Readers often ask Bailey to justify his position, he explained, as this percentage of black murderers seemingly indicates innate violence. Bailey posed the dilemma to the audience, and the response was unambiguous: the factors which penetrate a specific community—especially with reference to gang violence—should not apply to an entire population.
Bailey admitted that he no longer takes the time to respond to his readers by identifying flaws in their arguments. These folks aren’t intent on hosting a serious discussion, he explained.
Furthermore, Bailey described the deception in categorizing any group as a monolith. For instance, he pointed out the hypocrisy in the fact that white men execute mass shootings and become serial killers much more frequently than black men. No one legitimately suggests that white men are predisposed to these heinous crimes, and Bailey called for society to bestow that same presumption of innocence to black men.
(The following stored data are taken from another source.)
definition coface :: "nat \<Rightarrow> nat \<Rightarrow> bool \<Rightarrow> (nat \<Rightarrow> real) \<Rightarrow> (nat \<Rightarrow> real)" where
  "coface n i e p = (\<lambda>j. if j < i then p j else if j = i then bval e
                         else if j < n then p (j - 1) else undefined)"

definition cells :: "(nat \<Rightarrow> 'a set) \<Rightarrow> (nat \<times> 'a) set" where
  "cells K = {(n, x). x \<in> K n}"

definition disj_cubes :: "(nat \<Rightarrow> 'a set) \<Rightarrow> ((nat \<times> 'a) \<times> (nat \<Rightarrow> real)) topology" where
  "disj_cubes K = sum_topology (\<lambda>c. cube_top (fst c)) (cells K)"

definition glue_rel :: "(nat \<Rightarrow> 'a set) \<Rightarrow> (nat \<Rightarrow> nat \<Rightarrow> bool \<Rightarrow> 'a \<Rightarrow> 'a)
    \<Rightarrow> (((nat \<times> 'a) \<times> (nat \<Rightarrow> real)) \<times> ((nat \<times> 'a) \<times> (nat \<Rightarrow> real))) set" where
  "glue_rel K d = {(((n - 1, d n i e x), p), ((n, x), coface n i e p)) | n i e x p.
                    i < n \<and> x \<in> K n \<and> p \<in> cube_pts (n - 1)}"

definition glue_eq :: "(nat \<Rightarrow> 'a set) \<Rightarrow> (nat \<Rightarrow> nat \<Rightarrow> bool \<Rightarrow> 'a \<Rightarrow> 'a)
    \<Rightarrow> (((nat \<times> 'a) \<times> (nat \<Rightarrow> real)) \<times> ((nat \<times> 'a) \<times> (nat \<Rightarrow> real))) set" where
  "glue_eq K d = (glue_rel K d \<union> (glue_rel K d)\<inverse>)\<^sup>*"

definition geom_top :: "(nat \<Rightarrow> 'a set) \<Rightarrow> (nat \<Rightarrow> nat \<Rightarrow> bool \<Rightarrow> 'a \<Rightarrow> 'a)
    \<Rightarrow> ((nat \<times> 'a) \<times> (nat \<Rightarrow> real)) set topology" where
  "geom_top K d = quotient_top (disj_cubes K) (glue_eq K d)"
Invoking statistics, Bailey illustrated the ways in which those with an agenda misconstrue the alleged threat of black men. Bailey reminded that—though the above-mentioned 50 percent figure appears colossal at first glance—it amounts to only 7,000 in a population of 11 million young black men. Moreover, brutal home circumstances during one’s formative years spur many men into homicidal activity.
Bailey disclosed his own turbulent family life with an abusive, alcoholic father who beat his mother, barely more than a child herself, and the stringent regulations imposed on blacks in a Jim Crow-era sundown town. Bailey surmised that a lack of stability contributed directly to the incarceration of four of his eight brothers. In Bailey’s view, many people overlook these conditions and examine his brothers as mere additions to a statistic.
“All of the context washes away and is forgotten. All they know and want to know is that each one is a monster,” he said.
Ultimately, Bailey told the audience to challenge the status quo and explore beyond the peripheries.
In his own writing, he has confronted acts of discrimination fostered by President Trump’s administration and also discussed the May 2018 incident at the Joe Van Gogh coffee shop between Larry Moneta, Duke's vice president for student affairs, and a cashier.
“We have to continue to grapple with the truth, even when it’s hard," he said.